Cuando el bicho arañaba la puerta y empezaba a gruñir, Consuelo, armada con su paraguas, entraba en la cocina, le rellenaba la escudilla de comida, le ponía agua y olisqueaba, con la nariz fruncida, la arena maloliente de heces y orina ¡Cuánto miedo, cuánta repugnancia, cuánto odio le inspiraba este huésped tan indeseable! ¡Qué rencor le tenía!

Al tercer día, la vecina no había aparecido. Le preguntó al portero que sabía de ella.

-Tengo entendido que se ha ido de vacaciones a Nueva Zelanda, esos jóvenes de hoy en día, ya sabe: no paran-

Anonadada por la noticia, Consuelo pulsó el botón del ascensor como una autómata. Cuando llegó a su rellano, congestionada por la furia, había tomado una decisión: llevaría a Dolly a un albergue para animales.

Detrás de la puerta de la cocina, le esperaba una sorpresa: encima de un charco de sangre, cinco masas peludas y pringosas yacían al lado de Dolly y otra estaba saliendo de sus entrañas. Aterrada por la escena, Consuelo cerró la puerta de golpe.

Tumbada encima del sofá, con la persianas bajadas protegiéndola de la luz acerada de la tarde, bañada en sudor, Consuelo no sabía que hacer: el portero ya se habría ido de puente, sus colegas del trabajo estaban en la playa, dos primas seniles componían su familia. No tenía a nadie a quien recurrir. Se pasó horas, derrumbada, aturdida, mareada por el olor nauseabundo que se colaba por debajo de la puerta de la cocina, agobiada por el silencio que reinaba en el bloque de apartamentos, en la calle, en su cabeza hueca.

El hambre empezó a atenazarla. No había comido en todo el día. Armada con su paraguas, volvió a la cocina. Los seis gatos mamaban de su madre, Dolly dormitaba. Del parto solo quedaba un charco oscuro que el calor empezaba a resquebrajar. Consuelo se dirigió a la nevera, arrambló con todo lo que pudo, sin que Dolly se enterara.

Regresó al sofá y mientras engullía la comida, se le ocurrió un plan: disolvería uno de sus somníferos en la bebida de Dolly. Cuando se quedase dormida sustraería los gatos a su madre, los metería en una bolsa de basura, los ahogaría en la bañera, los tiraría en el contenedor más próximo. Al día siguiente llevaría a Dolly, todavía adormilada, al refugio de animales. ¡Y cuando le viniese en gana a la vecina, allí la podía recoger, la muy sinvergüenza de ella!
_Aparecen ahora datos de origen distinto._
(* In the setting described in the context, for every $\boldsymbol{x}\in\mathbb{Z}_+^2$, $\Gamma\subset\mathcal{D}_{\boldsymbol{x}}$, and hence $\mathcal{D}\subset\mathcal{D}_{\boldsymbol{x}}$.
   Context: Let $S_0=\{1,\dots,s_0\}$ be finite and $\{\boldsymbol{Y}_n\}$ a Markov chain on $\mathbb{S}=\mathbb{Z}^2\times S_0$ with $\mathbb{P}(\boldsymbol{Y}_{n+1}=(x_1+k,x_2+l,j')\mid\boldsymbol{Y}_n=(x_1,x_2,j))=[A_{k,l}]_{j,j'}$ for $k,l\in\{-1,0,1\}$ (no other transitions), $A_{k,l}$ nonnegative $s_0\times s_0$ with $\sum A_{k,l}$ stochastic. Let $\mathbb{S}_+=\mathbb{Z}_+^2\times S_0$, $P_+$ the restriction of the transition matrix to $\mathbb{S}_+$, $\tau=\inf\{n\ge0:\boldsymbol{Y}_n\notin\mathbb{S}_+\}$, $\tilde q_{\boldsymbol{y},\boldsymbol{y}'}=\mathbb{E}\big(\sum_{n=0}^{\tau-1}1(\boldsymbol{Y}_n=\boldsymbol{y}')\mid\boldsymbol{Y}_0=\boldsymbol{y}\big)$. With $\boldsymbol\pi_{*,*}$ the stationary distribution of $\sum A_{k,l}$, $a_1=\boldsymbol{\pi}_{*,*}\sum_l(A_{1,l}-A_{-1,l})\mathbf{1}$, $a_2=\boldsymbol{\pi}_{*,*}\sum_k(A_{k,1}-A_{k,-1})\mathbf{1}$. Standing assumptions: $\{\boldsymbol Y_n\}$ irreducible and aperiodic; $a_1<0$ or $a_2<0$; $P_+$ irreducible. $\Phi_{\boldsymbol{x}}(\theta_1,\theta_2)$ is the $s_0\times s_0$ matrix with $(j,j')$ entry $\sum_{k_1,k_2\ge0}e^{k_1\theta_1+k_2\theta_2}\tilde q_{(\boldsymbol{x},j),(k_1,k_2,j')}$; $\mathcal{D}_{\boldsymbol{x}}$ is the interior of $\{(\theta_1,\theta_2):\Phi_{\boldsymbol{x}}(\theta_1,\theta_2)<\infty\text{ elementwise}\}$. $A_{*,*}(\theta_1,\theta_2)=\sum_{k,l}e^{k\theta_1+l\theta_2}A_{k,l}$, $\Gamma=\{(\theta_1,\theta_2)\in\mathbb{R}^2:\mathrm{spr}(A_{*,*}(\theta_1,\theta_2))<1\}$ (spr = spectral radius), and $\mathcal{D}=\{(\theta_1,\theta_2)\in\mathbb{R}^2:\exists(\theta_1',\theta_2')\in\Gamma\text{ with }\theta_1<\theta_1',\ \theta_2<\theta_2'\}$. *)

theory Defs
  imports "HOL-Analysis.Analysis"
begin

text \<open>States are triples (x1, x2, j) with x1 x2 integers and j a phase in the
finite type 'j (so s0 = CARD('j)).  The block matrices A k l (k,l in {-1,0,1})
are given as functions A k l j j'.  Values of A outside k,l in {-1,0,1} are irrelevant.\<close>

definition steps :: "int set" where "steps = {-1, 0, 1}"

text \<open>n-step transition probabilities of the chain on Z^2 x S0
(first-step decomposition of the n-th matrix power).\<close>
fun Pn :: "(int \<Rightarrow> int \<Rightarrow> 'j::finite \<Rightarrow> 'j \<Rightarrow> real) \<Rightarrow> nat
           \<Rightarrow> int \<times> int \<times> 'j \<Rightarrow> int \<times> int \<times> 'j \<Rightarrow> real" where
  "Pn A 0 y y' = (if y = y' then 1 else 0)"
| "Pn A (Suc n) (x1, x2, j) y' =
     (\<Sum>k\<in>steps. \<Sum>l\<in>steps. \<Sum>i\<in>UNIV. A k l j i * Pn A n (x1 + k, x2 + l, i) y')"

definition Splus :: "(int \<times> int \<times> 'j) set" where
  "Splus = {(x1, x2, j). x1 \<ge> 0 \<and> x2 \<ge> 0}"

text \<open>Entries of the n-th power of P_+ (restriction of P to S_+);
for y in S_+, Qn A n y y' = P(Y_0,...,Y_n in S_+, Y_n = y' | Y_0 = y) = P(Y_n = y', n < tau | Y_0 = y).\<close>
fun Qn :: "(int \<Rightarrow> int \<Rightarrow> 'j::finite \<Rightarrow> 'j \<Rightarrow> real) \<Rightarrow> nat
           \<Rightarrow> int \<times> int \<times> 'j \<Rightarrow> int \<times> int \<times> 'j \<Rightarrow> real" where
  "Qn A 0 y y' = (if y = y' \<and> y \<in> Splus then 1 else 0)"
| "Qn A (Suc n) (x1, x2, j) y' =
     (if (x1, x2, j) \<in> Splus then
       (\<Sum>k\<in>steps. \<Sum>l\<in>steps. \<Sum>i\<in>UNIV. A k l j i * Qn A n (x1 + k, x2 + l, i) y')
      else 0)"

text \<open>Expected number of visits to y' before leaving S_+:
 E(sum_{n<tau} 1(Y_n = y') | Y_0 = y) = sum_n P(Y_n = y', n < tau | Y_0 = y).\<close>
definition qtilde :: "(int \<Rightarrow> int \<Rightarrow> 'j::finite \<Rightarrow> 'j \<Rightarrow> real)
     \<Rightarrow> int \<times> int \<times> 'j \<Rightarrow> int \<times> int \<times> 'j \<Rightarrow> ennreal" where
  "qtilde A y y' = (\<Sum>n. ennreal (Qn A n y y'))"

definition Phi :: "(int \<Rightarrow> int \<Rightarrow> 'j::finite \<Rightarrow> 'j \<Rightarrow> real) \<Rightarrow> int \<times> int
     \<Rightarrow> real \<times> real \<Rightarrow> 'j \<Rightarrow> 'j \<Rightarrow> ennreal" where
  "Phi A x \<theta> j j' =
     infsum (\<lambda>(k1::nat, k2::nat). ennreal (exp (real k1 * fst \<theta> + real k2 * snd \<theta>))
                * qtilde A (fst x, snd x, j) (int k1, int k2, j')) UNIV"

definition Dx :: "(int \<Rightarrow> int \<Rightarrow> 'j::finite \<Rightarrow> 'j \<Rightarrow> real) \<Rightarrow> int \<times> int \<Rightarrow> (real \<times> real) set" where
  "Dx A x = interior {\<theta>. \<forall>j j'. Phi A x \<theta> j j' < top}"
Cuando cayó la noche, una noche clara de verano, llevó su plan a cabo. Se veía lo suficiente para no encender la luz. La semioscuridad le daba a Consuelo una impunidad que la envalentonaba. Dolly tardó en beberse el agua, nada en dormirse. Después de hacerse con la bolsa de basura, protegerse las manos con unos guantes de cocina, Consuelo metió a los seis gatitos en la bolsa, la cerró con un nudo, se dirigió al cuarto de baño, se puso en cuclillas frente a la bañera que había rellenado previamente, y metió la bolsa dentro del agua. La mantuvo firmemente en el fondo, con un sentimiento de alivio indecible. Poco se debatieron los bichos, unas sacudidas y poco más. Qué fácil es matar, pensó mientras esbozaba una sonrisa victoriosa. Al levantarse se tropezó con la alfombrilla de baño y se cayó boca arriba. Intentó incorporarse pero un dolor intenso que le salía de la cadera y le paralizaba las piernas la hizo perder el conocimiento.

Cuando recobró el sentido, el día asomaba. Tenía la camiseta empapada. Irguió el cuello con esfuerzo: un pulpo inerte y peludo, lleno de cabezas y patas yacía sobre su tripa en medio de jirones de plástico. Demasiado débil para gritar, el miedo ardió en su garganta, áspera de sed.

Dolly, sentada sobre el borde de la bañera, la observaba. Con el pelaje empapado, erizado a puñados, las orejas puntiagudas echadas hacia atrás, la cola erguida como alambre, las pupilas dilatas, la gata la vigilaba. Cuando vio como Consuelo se quitaba de un manotazo a sus gatitos muertos de encima, le tembló la mandíbula y con un alarido saltó encima de su presa arañándole la cara con sus garras afiladas.

Consuelo, protegiéndose el rostro de los arañazos, aulló un NOOOOOOOO que retumbó hasta las parcelas más recónditas de su cuerpo, en la más absoluta intimidad.